В Загорье мы оставили мать, сестру Анну, троих младших: Павлика, Машу, Васю. Родственник по фамилии Вицкоп отвез нас на станцию Панская, а не в Пересну, чтобы меньше нас видел кто-либо из знакомых. Может возникнуть вопрос: знал ли Александр обо всем том, что произошло в нашей семье в эти последние месяцы тридцатого года?

Александр ничего об этом не знал. Думаю, что он не знал и о том, что мы вступали в колхоз. На тот период переписка с Александром приостановилась, да и порадовать его мы ничем не могли.
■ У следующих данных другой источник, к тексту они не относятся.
lemma spine_compatible_bracket: "spine_compatible y (bracket_eval e)"
proof (induction "bracket_degree e" arbitrary: e rule: less_induct)
  case less
  show ?case
  proof (cases e)
    case (Gen s)
    then show ?thesis by (simp add: spine_compatible_def circ_tree spine_map_tree ueq_refl)
  next
    case (Brk a b)
    let ?A = "bracket_eval a" and ?B = "bracket_eval b"
    have smaller: "bracket_degree a < bracket_degree e" "bracket_degree b < bracket_degree e"
      using Brk bracket_degree_pos[of a] bracket_degree_pos[of b] by auto
    have lower: "spine_compatible y N" if "N \<in> lie_homog j" "j < bracket_degree e" for N j
      using that(1) unfolding lie_homog_def
      by (rule spine_compatible_span) (use less.hyps that(2) bracket_eval_lieset in auto)
    have A: "?A \<in> lieset" "spine_compatible y ?A" and B: "?B \<in> lieset" "spine_compatible y ?B"
      using lower[OF bracket_eval_lie_homog] smaller bracket_eval_lieset by auto
    have AB: "spine_compatible y (circ ?A ?B)" "spine_compatible y (circ ?B ?A)"
      using lower[OF circ_lie_homog[OF bracket_eval_lie_homog]] smaller A(1) B(1) by auto
    show ?thesis
      unfolding spine_compatible_def
    proof
      fix t :: "'x mag"
      let ?G = "tree t"
      let ?s = "\<lambda>w. Poly_Mapping.single (spine_word t @ w) (of_bool (leftmost t = y))"
      have "spine_map y (circ ?G (comm ?A ?B))
          = spine_map y (circ (circ ?G ?A) ?B) - spine_map y (circ ?G (circ ?A ?B))
            - spine_map y (circ (circ ?G ?B) ?A) + spine_map y (circ ?G (circ ?B ?A))"
        unfolding circ_comm_right[OF tree_lieset A(1) B(1), symmetric]
        by (simp add: module_hom.add[OF module_hom_spine_map]
            module_hom.diff[OF module_hom_spine_map])
      also have "ueq circ \<dots> (?s [?A, ?B] - ?s [circ ?A ?B] - ?s [?B, ?A] + ?s [circ ?B ?A])"
        using A B AB
        by (intro ueq_add ueq_diff spine_map_circ_circ) (auto simp: spine_compatible_def)
      also have "ueq circ \<dots> (?s [comm ?A ?B])"
        using ueq_last_comm[OF spine_word_lieset A(1) B(1)] by simp
      finally show "ueq circ (spine_map y (circ ?G (bracket_eval e))) (?s [bracket_eval e])"
        using Brk by simp
    qed
  qed
qed

lemma spine_compatible: "l \<in> lieset \<Longrightarrow> spine_compatible y l"
  unfolding lieset_eq_span
  by (rule spine_compatible_span) (auto simp: bracket_eval_lieset spine_compatible_bracket)

lemma spine_map_foldl:
  assumes "set w \<subseteq> lieset"
  shows "ueq circ (spine_map y (foldl circ (tree (Leaf x)) w))
    (Poly_Mapping.single w (of_bool (x = y)))"
  using assms
proof (induction w rule: rev_induct)
  case Nil
  show ?case by (simp only: foldl_Nil spine_map_tree spine_word_simps leftmost.simps ueq_refl)
next
  case (snoc l w)
  have l: "l \<in> lieset" and w: "set w \<subseteq> lieset" using snoc.prems by auto
  have "foldl circ (tree (Leaf x)) w \<in> lie_homog 1"
    using foldl_circ_lie_homog[OF tree_lie_homog w] .
  then have "ueq circ (spine_map y (foldl circ (tree (Leaf x)) (w @ [l])))
      (tmul (spine_map y (foldl circ (tree (Leaf x)) w)) (Poly_Mapping.single [l] 1))"
    using spine_map_circ[OF spine_compatible[OF l] l] by simp
  also have "ueq circ \<dots>
      (tmul (Poly_Mapping.single w (of_bool (x = y))) (Poly_Mapping.single [l] 1))"
    using snoc.IH[OF w] l by (rule ueq_tmul_letter)
  also have "\<dots> = Poly_Mapping.single (w @ [l]) (of_bool (x = y))"
    by (simp add: tmul_single_single)
  finally show ?case .
qed

lemma spine_map_actF:
  assumes "f \<in> wordsL"
  shows "ueq circ (spine_map y (actF circ (tree (Leaf x)) f)) (sm (of_bool (x = y)) f)"
proof -
  have "spine_map y (actF circ (tree (Leaf x)) f) = (\<Sum>w\<in>Poly_Mapping.keys f.
      sm (Poly_Mapping.lookup f w) (spine_map y (foldl circ (tree (Leaf x)) w)))"
    by (simp add: actF_def module_hom.sum[OF module_hom_spine_map]
        module_hom.scale[OF module_hom_spine_map])
  also have "ueq circ \<dots> (\<Sum>w\<in>Poly_Mapping.keys f.
      sm (Poly_Mapping.lookup f w) (Poly_Mapping.single w (of_bool (x = y))))"
    using assms unfolding wordsL_def by (intro ueq_sum ueq_sm spine_map_foldl) auto
  also have "\<dots> = sm (of_bool (x = y)) f"
    by (subst (3) sum_single_lookup[symmetric])
      (simp add: sm.scale_sum_right sm_single mult.commute)
  finally show ?thesis .
qed

end

lemma subspace_wordsL: "sm.subspace wordsL"
  unfolding sm.subspace_def
proof (intro conjI ballI allI)
  show "0 \<in> wordsL" by (simp add: wordsL_def)
  show "p + q \<in> wordsL" if "p \<in> wordsL" "q \<in> wordsL" for p q
    using that keys_add[of p q] unfolding wordsL_def by blast
  show "sm c p \<in> wordsL" if "p \<in> wordsL" for c p
    using that unfolding wordsL_def by (auto simp: in_keys_iff)
qed

lemma single_wordsL: "set w \<subseteq> lieset \<Longrightarrow> Poly_Mapping.single w c \<in> wordsL"
  by (simp add: wordsL_def)

lemma canmap_add: "canmap circ (u + v) = canmap circ u + canmap circ v"
  unfolding canmap_def
  by (rule setsum_keys_plus_distrib)
    (simp_all add: module_hom.add[OF module_hom_actF] module_hom.zero[OF module_hom_actF])

lemma canmap_zero [simp]: "canmap circ 0 = 0"
  by (simp add: canmap_def)

lemma canmap_sum: "canmap circ (sum f A) = (\<Sum>i\<in>A. canmap circ (f i))"
  by (induction A rule: infinite_finite_induct) (simp_all add: canmap_add)

lemma canmap_single: "canmap circ (Poly_Mapping.single x f) = actF circ (tree (Leaf x)) f"
  by (cases "f = 0") (simp_all add: canmap_def tree_def module_hom.zero[OF module_hom_actF])

context free_postlie_algebra
begin

lemma canmap_surj:
  assumes "m \<in> magset"
  shows "\<exists>u. (\<forall>x. Poly_Mapping.lookup u x \<in> wordsL) \<and> canmap circ u = m"
proof -
  define u where "u = (\<Sum>w\<in>Poly_Mapping.keys m. Poly_Mapping.single (leftmost (hd w))
      (Poly_Mapping.single (spine_word (hd w) :: ('x, 'k) tensor list) (Poly_Mapping.lookup m w)))"
  have "Poly_Mapping.lookup u x \<in> wordsL" for x
    unfolding u_def lookup_sum
    by (intro sm.subspace_sum[OF subspace_wordsL])
      (auto simp: lookup_single when_def single_wordsL spine_word_lieset
        sm.subspace_0[OF subspace_wordsL])
  moreover have "canmap circ u = m"
  proof -
    have "canmap circ u = (\<Sum>w\<in>Poly_Mapping.keys m.
        actF circ (tree (Leaf (leftmost (hd w))))
          (Poly_Mapping.single (spine_word (hd w)) (Poly_Mapping.lookup m w)))"
      by (simp add: u_def canmap_sum canmap_single)
    also have "\<dots> = (\<Sum>w\<in>Poly_Mapping.keys m. Poly_Mapping.single w (Poly_Mapping.lookup m w))"
    proof (rule sum.cong[OF refl])
      fix w assume "w \<in> Poly_Mapping.keys m"
      with assms obtain t where "w = [t]"
        unfolding magset_def by (auto simp: length_Suc_conv)
      then show "actF circ (tree (Leaf (leftmost (hd w))))
          (Poly_Mapping.single (spine_word (hd w)) (Poly_Mapping.lookup m w))
        = Poly_Mapping.single w (Poly_Mapping.lookup m w)"
        by (simp add: actF_single foldl_circ_spine_word) (simp add: tree_def sm_single)
    qed
    also have "\<dots> = m" by (rule sum_single_lookup)
    finally show ?thesis .
  qed
  ultimately show ?thesis by blast
qed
Можно, конечно, думать, что каким-то путем кое-что ему могло быть известно, но это лишь предположительно.

В Москве мы с Костей были впервые. На Казанском вокзале просидели трое суток. Пассажиров — несметно. Закомпостировать билеты удалось лишь за особую плату через носильщиков, которым выполнять такие услуги в те годы разрешалось. Через пять суток мы прибыли в Ташкент. Были при нас и кое-какие вещички в чемодане и корзинке, купленных накануне отъезда. В Ташкенте мы провели не более суток. Было там еще очень жарко, и мы не находили места от непривычной духоты. Предстояло ехать в Коган, где должна быть пересадка на китабский поезд. С великим трудом мы втиснулись в тамбур. Ехала масса разного люда, и кто куда и зачем — невозможно было представить: ломились, бранились, толкались в темном, грязном вагоне, было там черт его знает что. Сесть было негде, мы ехали стоя в тамбуре. Поезд шел ночью по пустынной, дикой местности. Усталость понуждала выискивать хоть какое-либо место, чтобы присесть. Брат протиснулся в вагон, оставив меня возле вещей. Но как только Константин ушел, мне засветили глаза карманным фонариком, чего я никак не ожидал, растерялся, и в тот же момент из моих рук вырвали корзинку и выбросили ее в открытую дверь вагона. Следом выпрыгнули двое. Было обидно и страшно, я плакал. Когда возвратился Константин, сразу понял, что меня ограбили, но стерпел, не ругал меня. Задумавшись в предчувствии бессмысленности нашего путешествия, он стоял до самого Когана.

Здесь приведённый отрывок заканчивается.